Look at the entries below and restate word for word the lines from the first through the one that has "gyroline s A".

########

lemma in_gyrolineI:
  assumes "s > 0" "cmod P < s" "cmod Q < s" "cmod z < s" "mobius_add s (- P) Q \<noteq> 0"
    and "Im (cnj (mobius_add s (- P) Q) * mobius_add s (- P) z) = 0"
  shows "z \<in> gyroline s P Q"
proof -
  define u where "u = mobius_add s (- P) Q"
  define y where "y = mobius_add s (- P) z"
  have d: "cmod u < s" "cmod y < s"
    using mobius_add_in_disc assms unfolding u_def y_def by auto
  have "Im (y * cnj u) = 0" using assms(6) unfolding u_def y_def by (simp add: mult.commute)
  then obtain c where y: "y = of_real c * u"
    using real_multiple_if_Im_mult_cnj_eq_0 assms(5) unfolding u_def by blast
  then have "\<bar>c\<bar> * cmod u < s" using d by (simp add: norm_mult)
  then obtain t where "mobius_scal s t u = y"
    using mobius_scal_surj_real_multiple assms(1,5) d y unfolding u_def by metis
  moreover have "mobius_add s P y = z"
    unfolding y_def using mobius_add_right_cancel assms by blast
  ultimately show ?thesis unfolding gyroline_def u_def by auto
qed

lemma gyroline_parallel:
  assumes "s > 0" "cmod A < s" "cmod B < s" "X \<in> gyroline s A B"
  shows "Im (mobius_add s (- X) A * cnj (mobius_add s (- X) B)) = 0"
proof -
  define u where "u = mobius_add s (- A) B"
  obtain t where "X = mobius_add s A (mobius_scal s t u)"
    using assms(4) unfolding gyroline_def u_def by auto
  moreover obtain c where c: "mobius_scal s t u = of_real c * u"
    using mobius_scal_real_multiple by blast
  ultimately have X: "X = mobius_add s A (of_real c * u)" by simp
  have d: "cmod (of_real c * u) < s" "cmod u < s"
    using mobius_scal_in_disc[of s t u] c mobius_add_in_disc assms unfolding u_def by auto
  define g where "g = gyration_factor s A (of_real c * u)"
  have "mobius_add s (- X) A = mobius_add s (- X) (mobius_add s A 0)" by (simp add: mobius_add_def)
  also have "\<dots> = g * of_real (- c) * u"
    using mobius_add_left_translate[of s A "of_real c * u" 0] assms d
    unfolding X g_def by (simp add: mobius_add_def)
  finally have XA: "mobius_add s (- X) A = g * of_real (- c) * u" .
  obtain k where k: "mobius_add s (- (of_real c * u)) u = of_real k * u"
    using mobius_add_neg_real_multiple assms(1) by blast
  have "B = mobius_add s A u" unfolding u_def using mobius_add_right_cancel assms by simp
  then have XB: "mobius_add s (- X) B = g * of_real k * u"
    using mobius_add_left_translate[of s A "of_real c * u" u] assms d k
    unfolding X g_def by (simp add: mult.assoc)
  have "mobius_add s (- X) A * cnj (mobius_add s (- X) B)
      = of_real (- c * k) * (g * cnj g) * (u * cnj u)"
    unfolding XA XB by (simp add: ac_simps)
  also have "\<dots> = of_real (- c * k * (cmod g)\<^sup>2 * (cmod u)\<^sup>2)"
    by (simp only: complex_norm_square[symmetric] of_real_mult)
  finally show ?thesis by (simp only: Im_complex_of_real)
qed

text \<open>Up to a positive factor depending only on \<open>s\<close> and \<open>u\<close>, this is the hyperbolic sine
  of the distance from \<open>y\<close> to the gyroline through \<open>0\<close> in direction \<open>u\<close>.\<close>
definition line_height :: "real \<Rightarrow> complex \<Rightarrow> complex \<Rightarrow> real" where
  "line_height s u y = \<bar>Im (cnj u * y)\<bar> / (s\<^sup>2 - (cmod y)\<^sup>2)"

definition gyroline_height :: "real \<Rightarrow> complex \<Rightarrow> complex \<Rightarrow> complex \<Rightarrow> real" where
  "gyroline_height s P Q z = line_height s (mobius_add s (- P) Q) (mobius_add s (- P) z)"

lemma Im_cnj_mult_polynomial_identity:
  fixes c s :: real and u y :: complex
  shows "Im (cnj u * ((y - of_real c * u) * (complex_of_real s)\<^sup>2)
             * cnj ((complex_of_real s)\<^sup>2 - cnj (of_real c * u) * y))
       = s\<^sup>2 * (s\<^sup>2 - (cmod (of_real c * u))\<^sup>2) * Im (cnj u * y)"
  unfolding norm_mult norm_of_real power_mult_distrib cmod_power2
  by (cases u; cases y) (simp add: power2_eq_square algebra_simps)

lemma Im_cnj_mult_mobius_translate_along:
  assumes "s > 0" "cmod (of_real c * u) < s" "cmod y < s"
  shows "Im (cnj u * mobius_add s (- (of_real c * u)) y)
           * (cmod ((complex_of_real s)\<^sup>2 - cnj (of_real c * u) * y))\<^sup>2
       = s\<^sup>2 * (s\<^sup>2 - (cmod (of_real c * u))\<^sup>2) * Im (cnj u * y)"
proof -
  define x where "x = of_real c * u"
  define E where "E = (complex_of_real s)\<^sup>2 - cnj x * y"
  define w where "w = mobius_add s (- x) y"
  have wE: "w * E = (y - x) * (complex_of_real s)\<^sup>2"
    using mobius_add_mult_denom[of s "- x" y] assms unfolding x_def w_def E_def by simp
  have "Im (cnj u * w) * (cmod E)\<^sup>2 = Im (cnj u * w * of_real ((cmod E)\<^sup>2))" by simp
  also have "\<dots> = Im (cnj u * (w * E) * cnj E)"
    by (simp only: complex_norm_square mult.assoc)
  also have "\<dots> = Im (cnj u * ((y - x) * (complex_of_real s)\<^sup>2) * cnj E)"
    by (simp only: wE)
  also have "\<dots> = s\<^sup>2 * (s\<^sup>2 - (cmod x)\<^sup>2) * Im (cnj u * y)"
    unfolding E_def x_def by (rule Im_cnj_mult_polynomial_identity)
  finally show ?thesis unfolding x_def E_def w_def .
qed

lemma line_height_mobius_translate_along:
  assumes "s > 0" "cmod (of_real c * u) < s" "cmod y < s"
  shows "line_height s u (mobius_add s (- (of_real c * u)) y) = line_height s u y"
proof -
  define x where "x = of_real c * u"
  define w where "w = mobius_add s (- x) y"
  define E2 where "E2 = (cmod ((complex_of_real s)\<^sup>2 - cnj x * y))\<^sup>2"
  define d where "d = s\<^sup>2 - (cmod x)\<^sup>2"
  define e where "e = s\<^sup>2 - (cmod y)\<^sup>2"
  have "E2 > 0"
    using mobius_denom_nonzero[of s "- x" y] assms unfolding E2_def x_def by simp
  have "d > 0"
    using assms unfolding d_def x_def by (simp add: power_strict_mono)
  have Im: "\<bar>Im (cnj u * w)\<bar> * E2 = s\<^sup>2 * d * \<bar>Im (cnj u * y)\<bar>"
    using arg_cong[OF Im_cnj_mult_mobius_translate_along[OF assms], of abs] \<open>d > 0\<close>
    unfolding w_def E2_def d_def x_def by (simp add: abs_mult)
  have defect: "(s\<^sup>2 - (cmod w)\<^sup>2) * E2 = s\<^sup>2 * d * e"
    using mobius_add_norm_defect[of s "- x" y] assms
    unfolding w_def E2_def d_def e_def x_def by simp
  have "line_height s u w = \<bar>Im (cnj u * w)\<bar> * E2 / ((s\<^sup>2 - (cmod w)\<^sup>2) * E2)"
    using \<open>E2 > 0\<close> unfolding line_height_def by simp
  also have "\<dots> = \<bar>Im (cnj u * y)\<bar> / e"
    unfolding Im defect using \<open>d > 0\<close> assms(1) by simp
  finally show ?thesis unfolding w_def x_def e_def line_height_def .
qed

text \<open>The law of sines: the right-hand side is \<open>s\<^sup>2 / (|u| |sin \<theta>|)\<close>, where \<open>\<theta>\<close> is the angle
  between \<open>w\<close> and \<open>u\<close>.\<close>
lemma gamma_len_div_line_height:
  assumes "s > 0" "cmod w < s"
  shows "gamma_len s (cmod w) / line_height s u w = s\<^sup>2 * cmod w / \<bar>Im (cnj u * w)\<bar>"
proof -
  define D where "D = s\<^sup>2 - (cmod w)\<^sup>2"
  have "D > 0" using assms unfolding D_def by (simp add: power_strict_mono)
  then have "gamma_len s (cmod w) = s\<^sup>2 * cmod w / D"
    using assms(1) unfolding gamma_len_def D_def by (simp add: field_simps)
  then show ?thesis
    using \<open>D > 0\<close> unfolding line_height_def D_def[symmetric]
    by (simp add: divide_divide_times_eq)
qed

lemma norm_div_abs_Im_real_multiple:
  assumes "Im (a * cnj b) = 0" "a \<noteq> 0" "b \<noteq> 0"
  shows "cmod a / \<bar>Im (cnj u * a)\<bar> = cmod b / \<bar>Im (cnj u * b)\<bar>"
proof -
  define k where "k = Re (a * cnj b) / (cmod b)\<^sup>2"
  have a: "a = of_real k * b"
    using real_multiple_if_Im_mult_cnj_eq_0[OF assms(1,3)] unfolding k_def .
  then have "k \<noteq> 0" using assms(2) by auto
  moreover have "Im (cnj u * a) = k * Im (cnj u * b)" unfolding a by (simp add: algebra_simps)
  moreover have "cmod a = \<bar>k\<bar> * cmod b" unfolding a by (simp add: norm_mult)
  ultimately show ?thesis by (simp add: abs_mult)
qed

lemma gamma_len_pos:
  assumes "s > 0" "cmod w < s" "w \<noteq> 0"
  shows "gamma_len s (cmod w) > 0"
proof -
  have "(cmod w)\<^sup>2 < s\<^sup>2" using assms by (simp add: power_strict_mono)
  then show ?thesis using assms unfolding gamma_len_def by simp
qed

lemma gyroline_height_pos:
  assumes "s > 0" "cmod P < s" "cmod Q < s" "cmod z < s" "P \<noteq> Q"
    and "z \<notin> gyroline s P Q"
  shows "gyroline_height s P Q z > 0"
proof -
  have "mobius_add s (- P) Q \<noteq> 0" using mobius_add_eq_0_iff assms by simp
  then have "Im (cnj (mobius_add s (- P) Q) * mobius_add s (- P) z) \<noteq> 0"
    using in_gyrolineI assms by blast
  moreover have "(cmod (mobius_add s (- P) z))\<^sup>2 < s\<^sup>2"
    using mobius_add_in_disc assms by (simp add: power_strict_mono)
  ultimately show ?thesis unfolding gyroline_height_def line_height_def by simp
qed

########

**Task output**.
lemma in_gyrolineI:
  assumes "s > 0" "cmod P < s" "cmod Q < s" "cmod z < s" "mobius_add s (- P) Q \<noteq> 0"
    and "Im (cnj (mobius_add s (- P) Q) * mobius_add s (- P) z) = 0"
  shows "z \<in> gyroline s P Q"
proof -
  define u where "u = mobius_add s (- P) Q"
  define y where "y = mobius_add s (- P) z"
  have d: "cmod u < s" "cmod y < s"
    using mobius_add_in_disc assms unfolding u_def y_def by auto
  have "Im (y * cnj u) = 0" using assms(6) unfolding u_def y_def by (simp add: mult.commute)
  then obtain c where y: "y = of_real c * u"
    using real_multiple_if_Im_mult_cnj_eq_0 assms(5) unfolding u_def by blast
  then have "\<bar>c\<bar> * cmod u < s" using d by (simp add: norm_mult)
  then obtain t where "mobius_scal s t u = y"
    using mobius_scal_surj_real_multiple assms(1,5) d y unfolding u_def by metis
  moreover have "mobius_add s P y = z"
    unfolding y_def using mobius_add_right_cancel assms by blast
  ultimately show ?thesis unfolding gyroline_def u_def by auto
qed

lemma gyroline_parallel:
  assumes "s > 0" "cmod A < s" "cmod B < s" "X \<in> gyroline s A B"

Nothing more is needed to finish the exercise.